As shown in the following figure:

5

Use Asynchronous Logs

In the asynchronous method, the business code first puts the log content into a buffer, and then a dedicated thread asynchronously flushes it into the file system. This ensures that the throughput of the business is not affected by the underlying framework. However, whether all logs are suitable for asynchronous policies depends on the business scenario. For regular business logs, log discarding may not have much influence on the business. However, in scenarios that require strict data consistency, such as the Commit Log of RocketMQ, logs represent the delivery status of complete business messages and must be strictly consistent with the return of business status. In such cases, an asynchronous mode is not a good choice. In Log4j, there are two methods available: fine-grained Appender-level configuration and global configuration. The impact of three policies on performance throughput is shown in the following figure:

6

As shown in the figure above, synchronous writing has the lowest performance in all scenarios, which aligns with our regular understanding. However, the TPS (Transactions Per Second) of AsyncLogger (blue bar chart) increases alongside the number of Workers, while AsyncAppender results remain the same. This is somewhat different from our regular understanding. With this in mind, let's explore it further.

1.  Log4j2 AsyncAppender

The following describes how to configure AsyncAppender. The framework provides more parameters for more fine-grained control. The core parameters are explained as follows:

o shutdownTimeout: the time to wait for the worker thread to process the log. Default value: 0 (indicating an infinite wait).
o bufferSize: the size of the buffer queue. Default value: 1024.
o blocking: specifies whether to use blocking mode. Default value: true. When the queue is full, it waits synchronously.

<Async name="Async">
  <AppenderRef ref="RollingRandomAccessFile"/>
  <shutdownTimeout>500</shutdownTimeout>
  <bufferSize>1024</bufferSize>
  <blocking>true</blocking>
</Async>

A brief interpretation of its design intent: The framework first provides a system buffer to cache the content to be written. When the buffer is full, the framework provides two strategies to choose from. The first is to discard the content directly, and the second is to wait, but the specific waiting time can be configured.

2.  Log4j2 AsyncLogger

Compared with AsyncAppender, it is also simpler to use. You only need to set the startup parameter -Dlog4j2.contextSelector=org.apache.logging.log4j.core.async.AsyncLoggerContextSelector to globally enable asynchronous logging. Similarly, AsyncLogger also has a buffer size setting, the default value of which is 256 KB. A discard policy can be used when the buffer size is exceeded. You can specify which level of logs to discard by configuring the parameters -Dlog4j2.asyncQueueFullPolicy=discard and -Dlog4j2.discardThreshold=INFO.

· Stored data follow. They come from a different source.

(* For every finite multiset $\Gamma$ and formulas $\varphi,\chi$: if $\varphi,\varphi,\Gamma\Rightarrow\chi$ is provable in $\mathsf{G4iSLt}$, then $\varphi,\Gamma\Rightarrow\chi$ is provable in $\mathsf{G4iSLt}$.
   Context: Formulas are built by the grammar $\varphi ::= p \mid \bot \mid \varphi\land\varphi \mid \varphi\lor\varphi \mid \varphi\to\varphi \mid \Box\varphi$, with $p$ ranging over a countably infinite set of propositional variables. For a multiset $\Gamma$, $\Box\Gamma=\{\Box\psi:\psi\in\Gamma\}$; a boxed formula is one of the form $\Box\psi$. A sequent is $\Gamma\Rightarrow\chi$ with $\Gamma$ a finite multiset of formulas and $\chi$ a formula. The sequent calculus $\mathsf{G4iSLt}$ has the following rules, where $p$ is a propositional variable and $\Phi$ always denotes a multiset containing no boxed formula: (⊥L) $\bot,\Gamma\Rightarrow\chi$ (no premise); (IdP) $\Gamma,p\Rightarrow p$ (no premise); (∧L) from $\Gamma,\varphi,\psi\Rightarrow\chi$ infer $\Gamma,\varphi\land\psi\Rightarrow\chi$; (∧R) from $\Gamma\Rightarrow\varphi$ and $\Gamma\Rightarrow\psi$ infer $\Gamma\Rightarrow\varphi\land\psi$; (∨L) from $\Gamma,\varphi\Rightarrow\chi$ and $\Gamma,\psi\Rightarrow\chi$ infer $\Gamma,\varphi\lor\psi\Rightarrow\chi$; (∨R$_i$), $i\in\{1,2\}$: from $\Gamma\Rightarrow\varphi_i$ infer $\Gamma\Rightarrow\varphi_1\lor\varphi_2$; (p→L) from $\Gamma,p,\varphi\Rightarrow\chi$ infer $\Gamma,p,p\to\varphi\Rightarrow\chi$; (→R) from $\Gamma,\varphi\Rightarrow\psi$ infer $\Gamma\Rightarrow\varphi\to\psi$; (□→L) from $\Phi,\Gamma,\psi,\Box\varphi\Rightarrow\varphi$ and $\Phi,\Box\Gamma,\psi\Rightarrow\chi$ infer $\Phi,\Box\Gamma,\Box\varphi\to\psi\Rightarrow\chi$; (SLtR) from $\Phi,\Gamma,\Box\varphi\Rightarrow\varphi$ infer $\Phi,\Box\Gamma\Rightarrow\Box\varphi$; (∧→L) from $\Gamma,\varphi\to(\psi\to\chi)\Rightarrow\delta$ infer $\Gamma,(\varphi\land\psi)\to\chi\Rightarrow\delta$; (∨→L) from $\Gamma,\varphi\to\chi,\psi\to\chi\Rightarrow\delta$ infer $\Gamma,(\varphi\lor\psi)\to\chi\Rightarrow\delta$; (→→L) from $\Gamma,\psi\to\chi\Rightarrow\varphi\to\psi$ and $\Gamma,\chi\Rightarrow\delta$ infer $\Gamma,(\varphi\to\psi)\to\chi\Rightarrow\delta$. A proof of a sequent $S$ is a finite tree of sequents with root $S$ in which each interior node together with its children forms an instance of a rule (conclusion, premises) and each leaf is the conclusion of a premise-free rule; $S$ is provable if it has a proof. *)

theory Defs
  imports Main "HOL-Library.Multiset"
begin

datatype form =
    Var nat
  | Bot
  | And form form
  | Or form form
  | Imp form form
  | Box form

definition is_boxed :: "form \<Rightarrow> bool" where
  "is_boxed A \<longleftrightarrow> (\<exists>B. A = Box B)"

definition no_boxed :: "form multiset \<Rightarrow> bool" where
  "no_boxed \<Phi> \<longleftrightarrow> (\<forall>A \<in># \<Phi>. \<not> is_boxed A)"

definition boxms :: "form multiset \<Rightarrow> form multiset" where
  "boxms \<Gamma> = image_mset Box \<Gamma>"

inductive G4iSLt :: "form multiset \<Rightarrow> form \<Rightarrow> bool" where
  BotL: "G4iSLt (add_mset Bot \<Gamma>) C"
| IdP: "G4iSLt (add_mset (Var p) \<Gamma>) (Var p)"
| AndL: "G4iSLt (add_mset A (add_mset B \<Gamma>)) C \<Longrightarrow> G4iSLt (add_mset (And A B) \<Gamma>) C"
| AndR: "G4iSLt \<Gamma> A \<Longrightarrow> G4iSLt \<Gamma> B \<Longrightarrow> G4iSLt \<Gamma> (And A B)"
| OrL: "G4iSLt (add_mset A \<Gamma>) C \<Longrightarrow> G4iSLt (add_mset B \<Gamma>) C \<Longrightarrow> G4iSLt (add_mset (Or A B) \<Gamma>) C"
| OrR1: "G4iSLt \<Gamma> A \<Longrightarrow> G4iSLt \<Gamma> (Or A B)"
| OrR2: "G4iSLt \<Gamma> B \<Longrightarrow> G4iSLt \<Gamma> (Or A B)"
| PImpL: "G4iSLt (add_mset (Var p) (add_mset A \<Gamma>)) C \<Longrightarrow>
          G4iSLt (add_mset (Var p) (add_mset (Imp (Var p) A) \<Gamma>)) C"
| ImpR: "G4iSLt (add_mset A \<Gamma>) B \<Longrightarrow> G4iSLt \<Gamma> (Imp A B)"
| BoxImpL: "no_boxed \<Phi> \<Longrightarrow>
            G4iSLt (\<Phi> + \<Gamma> + {#B, Box A#}) A \<Longrightarrow>
            G4iSLt (\<Phi> + boxms \<Gamma> + {#B#}) C \<Longrightarrow>
            G4iSLt (\<Phi> + boxms \<Gamma> + {#Imp (Box A) B#}) C"
| SLtR: "no_boxed \<Phi> \<Longrightarrow>
         G4iSLt (\<Phi> + \<Gamma> + {#Box A#}) A \<Longrightarrow>
         G4iSLt (\<Phi> + boxms \<Gamma>) (Box A)"
| AndImpL: "G4iSLt (add_mset (Imp A (Imp B C)) \<Gamma>) D \<Longrightarrow>
            G4iSLt (add_mset (Imp (And A B) C) \<Gamma>) D"
| OrImpL: "G4iSLt (add_mset (Imp A C) (add_mset (Imp B C) \<Gamma>)) D \<Longrightarrow>
           G4iSLt (add_mset (Imp (Or A B) C) \<Gamma>) D"
| ImpImpL: "G4iSLt (add_mset (Imp B C) \<Gamma>) (Imp A B) \<Longrightarrow>
            G4iSLt (add_mset C \<Gamma>) D \<Longrightarrow>
            G4iSLt (add_mset (Imp (Imp A B) C) \<Gamma>) D"

end

theory Submission
  imports Defs
begin

text \<open>
  The argument is Dyckhoff and Negri's proof of contraction for G4ip, adapted to the box
  rules. Boxed formulas in
  the context only ever lose their outer box, so unboxing a context formula is admissible. One
  rule induction shows that a formula \<open>F\<close> on the left may be replaced by a multiset \<open>M\<close> as soon
  as this works in the cases where \<open>F\<close> is principal; this gives the invertibility of the left
  rules, and also contraction up to its principal cases. Those are settled by a simultaneous
  induction on the weight of formulas, together with the inversion of \<open>X \<rightarrow> Y\<close> to \<open>Y\<close>, of
  \<open>(X \<rightarrow> Y) \<rightarrow> Z\<close> to \<open>X, Y \<rightarrow> Z\<close>, and the admissibility of the G3ip rule for implication on
  the left, which is proved by an inner induction on the height of derivations.
\<close>

fun unbox :: "form \<Rightarrow> form" where
  "unbox (Box A) = A"
| "unbox A = A"

lemma is_boxed_simps [simp]:
  "is_boxed (Box A)" "\<not> is_boxed (Var p)" "\<not> is_boxed Bot"
  "\<not> is_boxed (And A B)" "\<not> is_boxed (Or A B)" "\<not> is_boxed (Imp A B)"
  by (simp_all add: is_boxed_def)

lemma unbox_nonboxed [simp]: "\<not> is_boxed A \<Longrightarrow> unbox A = A"
  by (cases A) simp_all

lemma boxms_simps [simp]:
  "boxms {#} = {#}" "boxms (add_mset A \<Gamma>) = add_mset (Box A) (boxms \<Gamma>)"
  "boxms (\<Gamma> + \<Delta>) = boxms \<Gamma> + boxms \<Delta>"
  by (simp_all add: boxms_def)

lemma unbox_boxms [simp]: "image_mset unbox (boxms \<Gamma>) = \<Gamma>"
  by (induction \<Gamma>) simp_all

lemma unbox_no_boxed [simp]: "no_boxed \<Phi> \<Longrightarrow> image_mset unbox \<Phi> = \<Phi>"
  by (induction \<Phi>) (simp_all add: no_boxed_def)

lemma boxed_decomposition:
  obtains \<Phi> \<Delta> where "no_boxed \<Phi>" "\<Gamma> = \<Phi> + boxms \<Delta>"
proof (induction \<Gamma> arbitrary: thesis)
  case empty
  show ?case by (rule empty.prems[of "{#}" "{#}"]) (simp_all add: no_boxed_def)
next
  case (add A \<Gamma>)
  obtain \<Phi> \<Delta> where IH: "no_boxed \<Phi>" "\<Gamma> = \<Phi> + boxms \<Delta>"
    using add.IH by blast
  show ?case
  proof (cases A)
    case (Box B)
    then show ?thesis using IH by (intro add.prems[of \<Phi> "add_mset B \<Delta>"]) simp_all
  qed (use IH in \<open>auto intro!: add.prems[of "add_mset A \<Phi>" \<Delta>] simp: no_boxed_def\<close>)
qed

text \<open>
  The calculus with the context \<open>\<Phi>, \<box>\<Gamma>\<close> of the box rules written as one multiset, whose
  boxed members lose their outer box in the premises.
\<close>

inductive derivable :: "form multiset \<Rightarrow> form \<Rightarrow> bool" (infix "\<turnstile>" 50) where
  BotL: "add_mset Bot \<Gamma> \<turnstile> C"
| IdP: "add_mset (Var p) \<Gamma> \<turnstile> Var p"
| AndL: "add_mset A (add_mset B \<Gamma>) \<turnstile> C \<Longrightarrow> add_mset (And A B) \<Gamma> \<turnstile> C"
| AndR: "\<Gamma> \<turnstile> A \<Longrightarrow> \<Gamma> \<turnstile> B \<Longrightarrow> \<Gamma> \<turnstile> And A B"
| OrL: "add_mset A \<Gamma> \<turnstile> C \<Longrightarrow> add_mset B \<Gamma> \<turnstile> C \<Longrightarrow> add_mset (Or A B) \<Gamma> \<turnstile> C"
| OrR1: "\<Gamma> \<turnstile> A \<Longrightarrow> \<Gamma> \<turnstile> Or A B"
| OrR2: "\<Gamma> \<turnstile> B \<Longrightarrow> \<Gamma> \<turnstile> Or A B"
| PImpL: "add_mset (Var p) (add_mset A \<Gamma>) \<turnstile> C \<Longrightarrow>
          add_mset (Var p) (add_mset (Imp (Var p) A) \<Gamma>) \<turnstile> C"
| ImpR: "add_mset A \<Gamma> \<turnstile> B \<Longrightarrow> \<Gamma> \<turnstile> Imp A B"
| BoxImpL: "add_mset B (add_mset (Box A) (image_mset unbox \<Gamma>)) \<turnstile> A \<Longrightarrow> add_mset B \<Gamma> \<turnstile> C \<Longrightarrow>
            add_mset (Imp (Box A) B) \<Gamma> \<turnstile> C"
| SLtR: "add_mset (Box A) (image_mset unbox \<Gamma>) \<turnstile> A \<Longrightarrow> \<Gamma> \<turnstile> Box A"
| AndImpL: "add_mset (Imp A (Imp B C)) \<Gamma> \<turnstile> D \<Longrightarrow> add_mset (Imp (And A B) C) \<Gamma> \<turnstile> D"
| OrImpL: "add_mset (Imp A C) (add_mset (Imp B C) \<Gamma>) \<turnstile> D \<Longrightarrow> add_mset (Imp (Or A B) C) \<Gamma> \<turnstile> D"
| ImpImpL: "add_mset (Imp B C) \<Gamma> \<turnstile> Imp A B \<Longrightarrow> add_mset C \<Gamma> \<turnstile> D \<Longrightarrow>
            add_mset (Imp (Imp A B) C) \<Gamma> \<turnstile> D"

It is worth mentioning that AsyncLogger uses the high-performance queue of LMAX Disruptor, which is the key to the better performance of AsyncLogger than AsyncAppender in terms of single-thread throughput and multi-thread concurrency. There are three main reasons why LMAX Disruptor can expand with the number of threads compared with blocking queue performance. First, it solves the pseudo-sharing problem. Second, the lock-free queue design only needs CAS overhead. Finally, it is the queue performance in this log scenario being compared.

<dependency>
   <groupId>com.lmax</groupId>
   <artifactId>disruptor</artifactId>
</dependency>

Logback has similar policies to Log4j, but I will not go into its detailed usage here. The following table summarizes the advantages and disadvantages of various policies. I hope this can help you choose a suitable one:

Table

Use Rolling Logs

In the operating system, the processing of small files is easier compared with that of large files. From the perspective of system resources, large files often mean more memory occupation, more I/O operations, more demanding disk space, and more bus bandwidth. When any resource reaches its bottleneck, it results in more CPU usage, which can cause a higher load on the system. By contrast, small files give more room for optimization from the resource perspective, and provide more convenience in operation and maintenance management, such as using smaller disks, archiving earlier, and cleaning up disk space earlier.

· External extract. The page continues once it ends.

(* There is an absolute constant $C>0$ such that the following holds for all integers $k\ge 2$ (with $k$ even), all $\gamma\in(0,1]$ and all $\varepsilon\in(0,1]$. If $n\ge C\,k/(\gamma^2\varepsilon^2)$, then there exists a public-coin $\varepsilon$-LDP protocol with $n$ users, in which each user sends a single bit, together with a decision rule for the curator, that is a uniformity tester over $[k]$ with distance parameter $\gamma$. (In this protocol the shared randomness consists of $O(1)$ independent uniformly random subsets $S\subseteq[k]$ of cardinality $k/2$; a user assigned to subset $S$ sends the bit $\mathbf 1\{X\in S\}$ after flipping it with probability $1/(1+e^{\varepsilon})$.)
   Context: For a finite set $\Omega$, $\Delta(\Omega)$ denotes the set of probability distributions on $\Omega$, and $d_{TV}(p,q)=\sup_{S\subseteq\Omega}(p(S)-q(S))=\frac12\|p-q\|_1$. $u$ denotes the uniform distribution on $[k]=\{1,\dots,k\}$. Protocol model: there are $n$ users; user $j$ holds $X_j$, where $X_1,\dots,X_n$ are i.i.d. from an unknown distribution $p$. A public-coin protocol consists of a shared random variable $U$ independent of the samples, and for each user $j$ and each value $v$ of $U$ a channel (Markov kernel) $W_j^{v}$ from the data domain to a finite message set; user $j$ sends $Z_j\sim W_j^{U}(\cdot\mid X_j)$, independently across users given $U$ and the samples; the curator outputs a (possibly randomized) function of $(U,Z_1,\dots,Z_n)$. The protocol is private-coin if $U$ is constant, and symmetric if $W_j^v$ does not depend on $j$. It is $\varepsilon$-LDP if $W_j^v(z\mid x)\le e^{\varepsilon}W_j^v(z\mid x')$ for all $j,v,z,x,x'$. A uniformity tester over $[k]$ with distance parameter $\gamma$ is a protocol whose curator output, for every $p\in\Delta([k])$, equals ``uniform'' with probability at least $2/3$ if $p=u$, and equals ``not uniform'' with probability at least $2/3$ if $d_{TV}(p,u)>\gamma$ (probabilities over samples, shared and private randomness). *)

theory Defs
  imports "HOL-Probability.Probability"
begin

In practical production, the appropriate use of rolling logs is an impressive practice. The following example is a configuration fragment in log4j. The configuration sets the time unit of rolling as one day, the size of rolling as 100 MB, and keeps the policy of retaining up to 5 files in log files rolling.

<RollingRandomAccessFile name="RollingRandomAccessFile" fileName="logs/app.log"
                                 filePattern="powered_by/edas-%d{MM-dd-yyyy}-%i.log">
    <PatternLayout>
        <Pattern>${commonPattern}</Pattern>
    </PatternLayout>
    <Policies>
        <TimeBasedTriggeringPolicy />
        <SizeBasedTriggeringPolicy size="100 MB"/>
    </Policies>
    <DefaultRolloverStrategy>
        <max>5</max>
    </DefaultRolloverStrategy>
</RollingRandomAccessFile>

Reduce Visible Business Overhead

Visible business overhead is like goods in transit. We aim to pack and load goods that will ultimately be used. In the context of log output, this overhead can be divided into two parts:

Execute Only When Determined to Output (Avoid Constructing Complex Log Parameters)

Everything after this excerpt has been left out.